2.3. Measurement of PAL enzyme kinetic parameters

PAL enzyme activity was determined based on a previous report [25]. First, 96 μL of 30 mM Phe solution was added to a 96-well plate and incubated at 30 °C for 6 min. Next, 4 μL of PAL enzyme solution was added and the absorbance at 275 nm was immediately measured every 5 s at 30 °C. Specific activity was calculated based on the O.D. at 275 nm for 80 s using a SpectraMax M2e (Molecular Devices, CA, USA). The path length was set at 0.28 cm.

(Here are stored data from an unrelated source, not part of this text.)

(* Let $\mathbf{a}=(a_n)_{n\geq 1}$ be a strong divisibility sequence. Then for every positive integer $n$, \[\mathrm{lcm}(a_1,a_2,\dots,a_n)=\mathrm{lcm}\left\{a_1\binom{n}{1}_{\mathbf{a}},a_2\binom{n}{2}_{\mathbf{a}},\dots,a_n\binom{n}{n}_{\mathbf{a}}\right\}.\]
   Context: A strong divisibility sequence is a sequence of positive integers $(a_n)_{n\geq1}$ such that $\gcd(a_n,a_m)=a_{\gcd(n,m)}$ for all positive integers $n,m$. For integers $0\leq k\leq n$, the $\mathbf{a}$-binomial coefficient is $\binom{n}{k}_{\mathbf{a}}:=\frac{a_na_{n-1}\cdots a_{n-k+1}}{a_1a_2\cdots a_k}$ (empty products equal $1$); for a strong divisibility sequence these are positive integers. *)

theory Defs
  imports Main
begin

text \<open>A strong divisibility sequence (indexed from 1; the value at 0 is irrelevant).\<close>
definition strong_div_seq :: "(nat \<Rightarrow> nat) \<Rightarrow> bool" where
  "strong_div_seq a \<longleftrightarrow> (\<forall>n\<ge>1. a n > 0) \<and>
     (\<forall>n\<ge>1. \<forall>m\<ge>1. gcd (a n) (a m) = a (gcd n m))"

text \<open>The a-binomial coefficient: (a_n a_(n-1) ... a_(n-k+1)) / (a_1 ... a_k).
  For strong divisibility sequences the division is exact.\<close>
definition abinom :: "(nat \<Rightarrow> nat) \<Rightarrow> nat \<Rightarrow> nat \<Rightarrow> nat" where
  "abinom a n k = (\<Prod>i\<in>{n-k+1..n}. a i) div (\<Prod>i\<in>{1..k}. a i)"

end

theory Submission
  imports Defs "HOL-Computational_Algebra.Primes"
begin

text \<open>Fix a prime power \<open>d = p ^ e\<close>. In a strong divisibility sequence the indices \<open>m\<close> with
  \<open>d dvd a m\<close> are exactly the multiples of the rank of apparition \<open>r\<close> of \<open>d\<close>. So \<open>d\<close> divides
  \<open>k div r\<close> of the terms \<open>a 1, \<dots>, a k\<close> and \<open>n div r - (n - k) div r\<close> of the terms
  \<open>a (n-k+1), \<dots>, a n\<close>; the second count exceeds the first by at most one, and by nothing when
  \<open>r dvd k\<close>, i.e. when \<open>d dvd a k\<close>. Summing over \<open>e\<close> (a Legendre-type formula for
  multiplicities) shows that the \<open>a\<close>-binomial coefficient is integral and that the multiplicity of
  \<open>p\<close> in \<open>a k\<close> times it is at most \<open>max (i \<le> n). multiplicity p (a i)\<close>, the multiplicity of \<open>p\<close>
  in the lcm. The other divisibility is trivial.\<close>

lemma card_multiples_atLeastAtMost:
  fixes r m :: nat
  assumes "r > 0"
  shows "card {i \<in> {1..m}. r dvd i} = m div r"
proof -
  have "{i \<in> {1..m}. r dvd i} = (\<lambda>t. r * t) ` {1..m div r}"
  proof (intro set_eqI iffI)
    fix i assume "i \<in> {i \<in> {1..m}. r dvd i}"
    then obtain t where t: "i = r * t" "1 \<le> r * t" "r * t \<le> m"
      by auto
    then have "t \<in> {1..m div r}"
      using assms by (auto simp: less_eq_div_iff_mult_less_eq mult.commute intro: Suc_leI)
    with t(1) show "i \<in> (\<lambda>t. r * t) ` {1..m div r}"
      by blast
  next
    fix i assume "i \<in> (\<lambda>t. r * t) ` {1..m div r}"
    then obtain t where t: "i = r * t" "t \<in> {1..m div r}"
      by (rule imageE)
    then have "r * t \<le> m"
      using assms by (simp add: less_eq_div_iff_mult_less_eq mult.commute)
    moreover have "1 \<le> r * t"
      using assms t(2) by auto
    ultimately show "i \<in> {i \<in> {1..m}. r dvd i}"
      using t(1) by simp
  qed
  then show ?thesis
    using assms by (simp add: card_image inj_on_def)
qed

lemma card_multiples_window:
  fixes r k n :: nat
  assumes "r > 0" "k \<le> n"
  shows "card {i \<in> {n-k+1..n}. r dvd i} = n div r - (n - k) div r"
proof -
  have "{i \<in> {1..n}. r dvd i} = {i \<in> {1..n-k}. r dvd i} \<union> {i \<in> {n-k+1..n}. r dvd i}"
    by auto
  then have "card {i \<in> {1..n}. r dvd i} = card {i \<in> {1..n-k}. r dvd i} + card {i \<in> {n-k+1..n}. r dvd i}"
    by (simp add: card_Un_disjoint disjoint_iff)
  then show ?thesis
    unfolding card_multiples_atLeastAtMost[OF assms(1)] by simp
qed

lemma div_diff_bounds:
  fixes r k n :: nat
  assumes "r > 0" "k \<le> n"
  shows "k div r \<le> n div r - (n - k) div r"
    and "n div r - (n - k) div r \<le> k div r + 1"
    and "r dvd k \<Longrightarrow> n div r - (n - k) div r = k div r"
proof -
  have n: "n = (n - k) + k"
    using assms(2) by simp
  have carry: "n div r = (n - k) div r + k div r + ((n - k) mod r + k mod r) div r"
    by (subst n) (rule div_add1_eq)
  have "(n - k) mod r + k mod r < 2 * r"
    using assms(1) mod_less_divisor[of r "n - k"] mod_less_divisor[of r k] by linarith
  then have "((n - k) mod r + k mod r) div r < 2"
    using assms(1) by (simp add: div_less_iff_less_mult mult.commute)
  with carry show "k div r \<le> n div r - (n - k) div r" "n div r - (n - k) div r \<le> k div r + 1"
    by linarith+
  assume "r dvd k"
  then show "n div r - (n - k) div r = k div r"
    using carry assms(1) by simp
qed

lemma strong_div_seq_dvd:
  assumes "strong_div_seq a" "r \<ge> 1" "m \<ge> 1" "r dvd m"
  shows "a r dvd a m"
proof -
  have "gcd (a r) (a m) = a (gcd r m)"
    using assms(1-3) unfolding strong_div_seq_def by blast
  also have "gcd r m = r"
    using assms(4) by (simp add: gcd_nat.absorb1)
  finally show ?thesis
    by (metis gcd_dvd2)
qed

text \<open>The witness is the rank of apparition, the least \<open>r \<ge> 1\<close> with \<open>d dvd a r\<close>: if also
  \<open>d dvd a m\<close>, then \<open>d\<close> divides \<open>gcd (a r) (a m) = a (gcd r m)\<close>, so minimality forces \<open>r dvd m\<close>.\<close>

lemma strong_div_seq_rank:
  assumes sds: "strong_div_seq a" and "i \<ge> 1" "d dvd a i"
  obtains r where "r \<ge> 1" "\<And>m. m \<ge> 1 \<Longrightarrow> d dvd a m \<longleftrightarrow> r dvd m"
proof -
  define r where "r = (LEAST i. 1 \<le> i \<and> d dvd a i)"
  have r: "1 \<le> r" "d dvd a r"
    unfolding r_def using LeastI[of "\<lambda>i. 1 \<le> i \<and> d dvd a i" i] assms(2,3) by auto
  have "d dvd a m \<longleftrightarrow> r dvd m" if m: "m \<ge> 1" for m
  proof
    assume "d dvd a m"
    with r have "d dvd a (gcd r m)"
      using sds m unfolding strong_div_seq_def by (metis gcd_greatest)
    moreover have "1 \<le> gcd r m"
      using m by (simp add: Suc_le_eq)
    ultimately have "r \<le> gcd r m"
      unfolding r_def by (blast intro: Least_le)
    with r(1) have "gcd r m = r"
      by (simp add: antisym gcd_le1_nat)
    then show "r dvd m"
      by (metis gcd_dvd2)
  next
    assume "r dvd m"
    then show "d dvd a m"
      using strong_div_seq_dvd[OF sds r(1) m] r(2) dvd_trans by blast
  qed
  with r(1) show thesis
    by (rule that)
qed

text \<open>Via the rank of apparition \<open>r\<close> of \<open>d\<close>, \<open>upper = n div r - (n - k) div r\<close> and
  \<open>lower = k div r\<close>; if no term is divisible by \<open>d\<close> both are zero.\<close>

lemma strong_div_seq_window_count:
  fixes a :: "nat \<Rightarrow> nat" and d k n :: nat
  assumes sds: "strong_div_seq a" and "k \<le> n"
  defines "upper \<equiv> card {i \<in> {n-k+1..n}. d dvd a i}"
      and "lower \<equiv> card {i \<in> {1..k}. d dvd a i}"
  shows "lower \<le> upper" and "upper \<le> lower + 1" and "k \<ge> 1 \<Longrightarrow> d dvd a k \<Longrightarrow> upper = lower"
proof -
  have "lower \<le> upper \<and> upper \<le> lower + 1 \<and> (k \<ge> 1 \<longrightarrow> d dvd a k \<longrightarrow> upper = lower)"
  proof (cases "\<exists>i\<ge>1. d dvd a i")
    case True
    then obtain i where "i \<ge> 1" "d dvd a i"
      by blast
    then obtain r where r: "r \<ge> 1" "\<And>m. m \<ge> 1 \<Longrightarrow> d dvd a m \<longleftrightarrow> r dvd m"
      using strong_div_seq_rank[OF sds] by blast
    have "{i \<in> {n-k+1..n}. d dvd a i} = {i \<in> {n-k+1..n}. r dvd i}"
         "{i \<in> {1..k}. d dvd a i} = {i \<in> {1..k}. r dvd i}"
      using r(2) by auto
    then have "upper = n div r - (n - k) div r" "lower = k div r"
      unfolding upper_def lower_def
      using card_multiples_window[of r k n] card_multiples_atLeastAtMost[of r k] r(1) \<open>k \<le> n\<close>
      by simp_all
    then show ?thesis
      using div_diff_bounds[of r k n] r \<open>k \<le> n\<close> by auto
  next
    case False
    then have "upper = 0" "lower = 0"
      unfolding upper_def lower_def by auto
    with False show ?thesis
      by auto
  qed
  then show "lower \<le> upper" "upper \<le> lower + 1" "k \<ge> 1 \<Longrightarrow> d dvd a k \<Longrightarrow> upper = lower"
    by auto
qed

lemma multiplicity_prod_eq_sum_card_dvd:
  fixes f :: "'a \<Rightarrow> nat"
  assumes "prime p" "finite A" "\<And>i. i \<in> A \<Longrightarrow> f i \<noteq> 0"
      and "\<And>i. i \<in> A \<Longrightarrow> multiplicity p (f i) \<le> B"
  shows "multiplicity p (\<Prod>i\<in>A. f i) = (\<Sum>e\<in>{1..B}. card {i \<in> A. p ^ e dvd f i})"
proof -
  have not_unit: "\<not> is_unit p"
    using assms(1) not_prime_unit by blast
  have multiplicity_eq: "multiplicity p (f i) = (\<Sum>e\<in>{1..B}. of_bool (p ^ e dvd f i))" if "i \<in> A" for i
  proof -
    have "{1..B} \<inter> {e. p ^ e dvd f i} = {1..multiplicity p (f i)}"
      using assms(3,4)[OF that] power_dvd_iff_le_multiplicity[OF _ not_unit] by auto
    then show ?thesis
      by (simp add: sum_of_bool_eq)
  qed
  have "0 \<notin> f ` A"
    using assms(3) by (metis imageE)
  then have "multiplicity p (\<Prod>i\<in>A. f i) = (\<Sum>i\<in>A. multiplicity p (f i))"
    using assms(1,2) by (simp add: prime_elem_multiplicity_prod_distrib)
  also have "\<dots> = (\<Sum>i\<in>A. \<Sum>e\<in>{1..B}. of_bool (p ^ e dvd f i))"
    using multiplicity_eq by (rule sum.cong[OF refl])
  also have "\<dots> = (\<Sum>e\<in>{1..B}. \<Sum>i\<in>A. of_bool (p ^ e dvd f i))"
    by (rule sum.swap)
  also have "\<dots> = (\<Sum>e\<in>{1..B}. card {i \<in> A. p ^ e dvd f i})"
    using assms(2) by (simp add: sum_of_bool_eq Int_def)
  finally show ?thesis .
qed

lemma strong_div_seq_pos:
  assumes "strong_div_seq a" "i \<ge> 1"
  shows "a i > 0"
  using assms unfolding strong_div_seq_def by blast

lemma strong_div_seq_multiplicity_window:
  fixes a :: "nat \<Rightarrow> nat" and k n p B :: nat
  assumes sds: "strong_div_seq a" and "k \<le> n" and p: "prime p"
      and bound: "\<And>i. i \<in> {1..n} \<Longrightarrow> multiplicity p (a i) \<le> B"
  shows "multiplicity p (\<Prod>i\<in>{1..k}. a i) \<le> multiplicity p (\<Prod>i\<in>{n-k+1..n}. a i)"
    and "k \<ge> 1 \<Longrightarrow> multiplicity p (a k) + multiplicity p (\<Prod>i\<in>{n-k+1..n}. a i)
           \<le> multiplicity p (\<Prod>i\<in>{1..k}. a i) + B"
proof -
  define count where "count S e = card {i \<in> S. p ^ e dvd a i}" for S e
  have multiplicity_prod: "multiplicity p (\<Prod>i\<in>S. a i) = (\<Sum>e\<in>{1..B}. count S e)"
    if "S \<subseteq> {1..n}" for S
    unfolding count_def
    using that finite_subset[OF that] strong_div_seq_pos[OF sds] bound
    by (intro multiplicity_prod_eq_sum_card_dvd[OF p]) fastforce+
  have lower: "{1..k} \<subseteq> {1..n}" and upper: "{n-k+1..n} \<subseteq> {1..n}"
    using \<open>k \<le> n\<close> by auto
  show "multiplicity p (\<Prod>i\<in>{1..k}. a i) \<le> multiplicity p (\<Prod>i\<in>{n-k+1..n}. a i)"
    unfolding multiplicity_prod[OF lower] multiplicity_prod[OF upper] count_def
    using strong_div_seq_window_count(1)[OF sds \<open>k \<le> n\<close>] by (rule sum_mono)
  assume "k \<ge> 1"
  then have single: "{k} \<subseteq> {1..n}"
    using \<open>k \<le> n\<close> by simp
  have "count {k} e + count {n-k+1..n} e \<le> count {1..k} e + 1" for e
  proof -
    have "{i \<in> {k}. p ^ e dvd a i} = (if p ^ e dvd a k then {k} else {})"
      by auto
    then have "count {k} e = of_bool (p ^ e dvd a k)"
      unfolding count_def by simp
    then show ?thesis
      using strong_div_seq_window_count(2,3)[OF sds \<open>k \<le> n\<close>, of "p ^ e", folded count_def]
        \<open>k \<ge> 1\<close>
      by (cases "p ^ e dvd a k") auto
  qed
  then have "(\<Sum>e\<in>{1..B}. count {k} e + count {n-k+1..n} e) \<le> (\<Sum>e\<in>{1..B}. count {1..k} e + 1)"
    by (rule sum_mono)
  then show "multiplicity p (a k) + multiplicity p (\<Prod>i\<in>{n-k+1..n}. a i)
      \<le> multiplicity p (\<Prod>i\<in>{1..k}. a i) + B"
    unfolding sum.distrib multiplicity_prod[OF lower] multiplicity_prod[OF upper]
    using multiplicity_prod[OF single] by simp
qed

lemma strong_div_seq_multiplicity_le_Lcm:
  assumes "strong_div_seq a" "i \<in> {1..n}"
  shows "multiplicity p (a i) \<le> multiplicity p (Lcm (a ` {1..n}))"
proof (rule dvd_imp_multiplicity_le)
  show "a i dvd Lcm (a ` {1..n})"
    using assms(2) by (simp add: dvd_Lcm)
  show "Lcm (a ` {1..n}) \<noteq> 0"
    using strong_div_seq_pos[OF assms(1)] by (auto simp: Lcm_0_iff_nat image_iff)
qed

lemma strong_div_seq_prod_dvd_prod_window:
  assumes "strong_div_seq a" "k \<le> n"
  shows "(\<Prod>i\<in>{1..k}. a i) dvd (\<Prod>i\<in>{n-k+1..n}. a i)"
proof (rule multiplicity_le_imp_dvd)
  show "(\<Prod>i\<in>{1..k}. a i) \<noteq> 0"
    using strong_div_seq_pos[OF assms(1)] by auto
  fix p :: nat
  assume "prime p"
  with assms show "multiplicity p (\<Prod>i\<in>{1..k}. a i) \<le> multiplicity p (\<Prod>i\<in>{n-k+1..n}. a i)"
    by (intro strong_div_seq_multiplicity_window(1)[where B = "multiplicity p (Lcm (a ` {1..n}))"]
        strong_div_seq_multiplicity_le_Lcm)
qed

lemma strong_div_seq_abinom_mult:
  assumes "strong_div_seq a" "k \<le> n"
  shows "(\<Prod>i\<in>{1..k}. a i) * abinom a n k = (\<Prod>i\<in>{n-k+1..n}. a i)"
  using strong_div_seq_prod_dvd_prod_window[OF assms] unfolding abinom_def by simp

lemma strong_div_seq_mult_abinom_dvd_Lcm:
  assumes sds: "strong_div_seq a" and k: "k \<in> {1..n}"
  shows "a k * abinom a n k dvd Lcm (a ` {1..n})"
proof (rule multiplicity_le_imp_dvd)
  have window: "(\<Prod>i\<in>{1..k}. a i) * abinom a n k = (\<Prod>i\<in>{n-k+1..n}. a i)"
    using strong_div_seq_abinom_mult[OF sds] k by simp
  have "(\<Prod>i\<in>{1..k}. a i) \<noteq> 0" "(\<Prod>i\<in>{n-k+1..n}. a i) \<noteq> 0" "a k \<noteq> 0"
    using strong_div_seq_pos[OF sds] k by auto
  with window have nonzero: "(\<Prod>i\<in>{1..k}. a i) \<noteq> 0" "abinom a n k \<noteq> 0" "a k \<noteq> 0"
    by (metis mult_0_right)+
  then show "a k * abinom a n k \<noteq> 0"
    by simp
  fix p :: nat
  assume p: "prime p"
  have "multiplicity p (a k) + multiplicity p (\<Prod>i\<in>{n-k+1..n}. a i)
      \<le> multiplicity p (\<Prod>i\<in>{1..k}. a i) + multiplicity p (Lcm (a ` {1..n}))"
    using k by (intro strong_div_seq_multiplicity_window(2)[OF sds _ p]
        strong_div_seq_multiplicity_le_Lcm[OF sds]) auto
  then show "multiplicity p (a k * abinom a n k) \<le> multiplicity p (Lcm (a ` {1..n}))"
    unfolding window[symmetric] using nonzero p by (simp add: prime_elem_multiplicity_mult_distrib)
qed

theorem corollary1:
  fixes a :: "nat \<Rightarrow> nat" and n :: nat
  assumes "strong_div_seq a" and "n \<ge> 1"
  shows "Lcm (a ` {1..n}) = Lcm ((\<lambda>k. a k * abinom a n k) ` {1..n})"
proof (rule dvd_antisym)
  show "Lcm (a ` {1..n}) dvd Lcm ((\<lambda>k. a k * abinom a n k) ` {1..n})"
    by (rule Lcm_least) (auto intro: dvd_mult_left dvd_Lcm)
  show "Lcm ((\<lambda>k. a k * abinom a n k) ` {1..n}) dvd Lcm (a ` {1..n})"
    using strong_div_seq_mult_abinom_dvd_Lcm[OF assms(1)] by (auto intro: Lcm_least)
qed

end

Molar absorption coefficients for trans-cinnamic acid and p-hydroxycinnamic acid were 17.212 and 13.426 mM−1 cm−1, respectively.

2.4. Measurement of blood phenylalanine levels

A total of 18 patients (14 classical PKU and 4 BH4-responsive hyperphenylalaninemia) were included. Blood samples from patients and healthy volunteers were collected with informed consent. Plasma Phe levels were determined using high-performance liquid chromatography (HPLC) at BML, Inc. (Tokyo, Japan). The plasma was deproteinized, separated by HPLC, and incubated with ninhydrin reagent using an L-8900 automated amino acid analyzer (Hitachi High-Technologies, Tokyo, Japan). Dried blood spot (DBS) Phe levels were measured by tandem mass spectrometry (TQD, Waters, Manchester, UK). The precursor ion (m/z), fragment ion (m/z), Dwell (s), Cone (V), and Collision (V) of Phe were set to 166.1, 120.1, 0.050, 20, 15, respectively. Ammonia concentrations were measured with a PocketChem Ammonia Checker II (Arkray Inc., Kyoto, Japan) and a PocketChem BA PA-4140 (Arkray Inc., Kyoto, Japan).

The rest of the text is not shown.